Sometimes the most simplest things in life are the best I think. And sometimes nothing is more satisfying than eating a really simple well-made sandwich. When hunger is on the rise for me in the afternoon, and when I have really beautiful freshly made bread in the house; I just have to make a sandwich to quench that hunger. Luckily, I had some thin tender steaks from the grocery store sitting in the fridge ready for me to cook. I just cooked the tender steaks with a little salt, pepper and garlic powder and lightly toasted the bread and started to assemble. For the spread, I used good quality mayo and a little bit of grainy mustard. Serve these babies up with some carrot sticks and cucumber slices/pickles and you have a gorgeous sandwich lunch ready in minutes!

Makes 2 sandwiches

  • 4 small thin tender steaks, score the meat lightly on both sides
  • coarse salt and freshly cracked black pepper
  • good pinch of garlic powder
  • 1 tbsp olive oil
  • fresh sour dough bread, sliced into 1-inch slices (need 4 slices)
  • 2-4 thin slices of cheddar
  • 1 medium ripe tomato, sliced thin
  • red leaf lettuce, washed and ready (can substitute other lettuce)
  • mayonnaise (can use low fat)
  • grainy mustard (optional)
  • 8 olives, no pitts (and toothpicks)

1. Preheat a large cast iron skillet, on medium high heat. Take the steaks and lightly score the meat on both sides with a sharp paring knife. Make sure not to make slice marks too deep, you don't want to rip the meat. Season the steaks with salt, pepper, and garlic powder on both sides; but make sure not to over salt the meat.

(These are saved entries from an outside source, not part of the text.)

lemma prod_lagrange_factor_bounds_le:
  assumes i: "i \<in> {1..N}" and "0 \<le> c" "0 < C"
  shows "(\<Prod>j\<in>{1..N}-{i}. (1 + c^2 / (real j)^2) * ((real j)^2 / \<bar>(real j)^2 - (real i)^2\<bar>) / C)
    \<le> 2 * exp (8 * sqrt c * sqrt (real N)) / C ^ (N - 1)"
proof -
  define g where "g j = 1 + c^2 / (real j)^2" for j
  define h where "h j = (real j)^2 / \<bar>(real j)^2 - (real i)^2\<bar>" for j
  have "(\<Prod>j\<in>{1..N}-{i}. g j) \<le> (\<Prod>j=1..N. g j)"
    by (rule prod_mono2) (auto simp: g_def)
  also have "\<dots> \<le> exp (8 * sqrt c * sqrt (real N))"
    unfolding g_def using \<open>0 \<le> c\<close> by (rule prod_one_plus_sq_div_sq_le_exp)
  finally have "(\<Prod>j\<in>{1..N}-{i}. g j) * (\<Prod>j\<in>{1..N}-{i}. h j) \<le> exp (8 * sqrt c * sqrt (real N)) * 2"
    using prod_sq_div_abs_sq_diff_le_2[OF i] by (intro mult_mono) (auto simp: g_def h_def intro: prod_nonneg)
  moreover have "card ({1..N}-{i}) = N - 1" using i by simp
  ultimately have "(\<Prod>j\<in>{1..N}-{i}. g j * h j / C) \<le> 2 * exp (8 * sqrt c * sqrt (real N)) / C ^ (N - 1)"
    using \<open>0 < C\<close> by (simp add: prod_dividef prod.distrib divide_right_mono mult.commute)
  then show ?thesis by (simp only: g_def h_def)
qed

lemma norm_cis_lagrange_basis_at_1_le:
  fixes x :: "nat \<Rightarrow> real"
  assumes x: "\<And>j. j \<in> {1..N} \<Longrightarrow> x j \<in> {0..d}" and d: "d \<le> pi" "0 < cos d"
    and "0 < u" "0 \<le> c" and i: "i \<in> {1..N}"
    and spacing: "\<And>j. j \<in> {1..N} \<Longrightarrow> u * \<bar>(real i)^2 - (real j)^2\<bar> \<le> \<bar>x i - x j\<bar>"
    and near: "\<And>j. j \<in> {1..N} \<Longrightarrow> x j \<le> u * ((real j)^2 + c^2)"
  shows "cmod (\<Prod>j\<in>{1..N}-{i}. (1 - cis (x j)) / (cis (x i) - cis (x j)))
    \<le> 2 * exp (8 * sqrt c * sqrt (real N)) / cos d ^ (N - 1)"
proof -
  have "cmod (\<Prod>j\<in>{1..N}-{i}. (1 - cis (x j)) / (cis (x i) - cis (x j)))
      \<le> (\<Prod>j\<in>{1..N}-{i}. (1 + c^2 / (real j)^2) * ((real j)^2 / \<bar>(real j)^2 - (real i)^2\<bar>) / cos d)"
    unfolding prod_norm[symmetric]
  proof (intro prod_mono conjI norm_ge_zero)
    fix j assume "j \<in> {1..N}-{i}"
    then show "cmod ((1 - cis (x j)) / (cis (x i) - cis (x j)))
        \<le> (1 + c^2 / (real j)^2) * ((real j)^2 / \<bar>(real j)^2 - (real i)^2\<bar>) / cos d"
      using x[of i] x[of j] i d \<open>0 < u\<close> spacing[of j] near[of j]
      by (intro norm_cis_lagrange_factor_le) (auto simp: abs_minus_commute)
  qed
  also have "\<dots> \<le> 2 * exp (8 * sqrt c * sqrt (real N)) / cos d ^ (N - 1)"
    using i \<open>0 \<le> c\<close> d by (intro prod_lagrange_factor_bounds_le) auto
  finally show ?thesis .
qed

definition remez_bound :: "real \<Rightarrow> real \<Rightarrow> nat \<Rightarrow> real" where
  "remez_bound d \<rho> n = 2 * real (n + 1) * exp (8 * real (n + 1) * \<rho>) / cos d ^ n"

theorem remez_type_inequality:
  fixes q :: "complex poly" and F :: "real set"
  assumes F: "compact F" "F \<subseteq> {0..d}" and d: "d \<le> pi" "0 < cos d"
    and mass: "0 < measure lebesgue F" "d \<le> (1 + \<rho>^4) * measure lebesgue F" and "0 \<le> \<rho>"
    and q: "poly q 1 = 1" "degree q \<le> n"
    and small: "\<And>x. x \<in> F \<Longrightarrow> cmod (poly q (cis x)) \<le> m"
  shows "1 \<le> m * remez_bound d \<rho> n"
proof -
  define N where "N = n + 1"
  define u where "u = measure lebesgue F / (real N)^2"
  define c where "c = real N * \<rho>^2"
  obtain x where xF: "\<And>i. i \<in> {1..N} \<Longrightarrow> x i \<in> F"
    and spacing: "\<And>i j. i \<in> {1..N} \<Longrightarrow> j \<in> {1..N} \<Longrightarrow> u * \<bar>(real i)^2 - (real j)^2\<bar> \<le> \<bar>x i - x j\<bar>"
    and near: "\<And>j. j \<in> {1..N} \<Longrightarrow> x j \<le> u * (real j)^2 + (d - measure lebesgue F)"
    using remez_nodes[OF F mass(1), of N] unfolding u_def by metis
  have u: "0 < u" using mass by (simp add: u_def N_def)
  have "u * c^2 = \<rho>^4 * measure lebesgue F"
    by (simp add: u_def c_def N_def power_mult_distrib flip: power_mult)
  then have near': "x j \<le> u * ((real j)^2 + c^2)" if "j \<in> {1..N}" for j
    using near[OF that] mass(2) by (simp add: distrib_left algebra_simps)
  have xd: "x i \<in> {0..d}" if "i \<in> {1..N}" for i using xF[OF that] F(2) by auto
  have inj: "inj_on (\<lambda>i. cis (x i)) {1..N}"
  proof (rule inj_onI)
    fix i j assume ij: "i \<in> {1..N}" "j \<in> {1..N}" "cis (x i) = cis (x j)"
    have "cos d * (u * \<bar>(real i)^2 - (real j)^2\<bar>) \<le> cos d * \<bar>x i - x j\<bar>"
      using spacing[OF ij(1,2)] d by (intro mult_left_mono) auto
    also have "\<dots> \<le> cmod (cis (x i) - cis (x j))"
      using xd[OF ij(1)] xd[OF ij(2)] d by (intro cos_mult_abs_diff_le_norm_cis_diff) auto
    finally show "i = j" using ij(3) u d by (simp add: mult_le_0_iff)
  qed
  have sqrt_c: "sqrt c * sqrt (real N) = real N * \<rho>"
    using \<open>0 \<le> \<rho>\<close> by (simp add: c_def real_sqrt_mult)
  have basis: "cmod (\<Prod>j\<in>{1..N}-{i}. (1 - cis (x j)) / (cis (x i) - cis (x j)))
      \<le> 2 * exp (8 * real N * \<rho>) / cos d ^ n" if "i \<in> {1..N}" for i
    using norm_cis_lagrange_basis_at_1_le[OF xd d u _ that spacing[OF that] near'] \<open>0 \<le> \<rho>\<close>
    unfolding mult.assoc[of 8] sqrt_c by (simp add: c_def N_def)
  have "1 \<in> {1..N}" by (simp add: N_def)
  then have "0 \<le> m" using small[OF xF] by (meson norm_ge_zero order_trans)
  then have "cmod (poly q 1) \<le> card {1..N} * m * (2 * exp (8 * real N * \<rho>) / cos d ^ n)"
    using q xF small basis inj by (intro norm_poly_le_by_lagrange) (auto simp: N_def)
  then show ?thesis using q by (simp add: remez_bound_def N_def algebra_simps)
qed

2. Drizzle the skillet with oil and sear the steaks on both sides. Each side should only take about 3-4 minutes. Steaks should be thin and tender enough to cook quickly. When you're finished cooking, turn the heat off and tent the meat with foil and let it rest for a minute. Meantime, while the steaks are cooking, lightly toast the sour dough bread.

3. Sandwich assembly: On the lightly toasted bread, place a slice or two of cheddar cheese, then two cooked steaks, thinly sliced tomato, and the lettuce leaves. On the top slice of bread, spread with mayo and good quality grainy mustard (if using). Cut the sandwich in half.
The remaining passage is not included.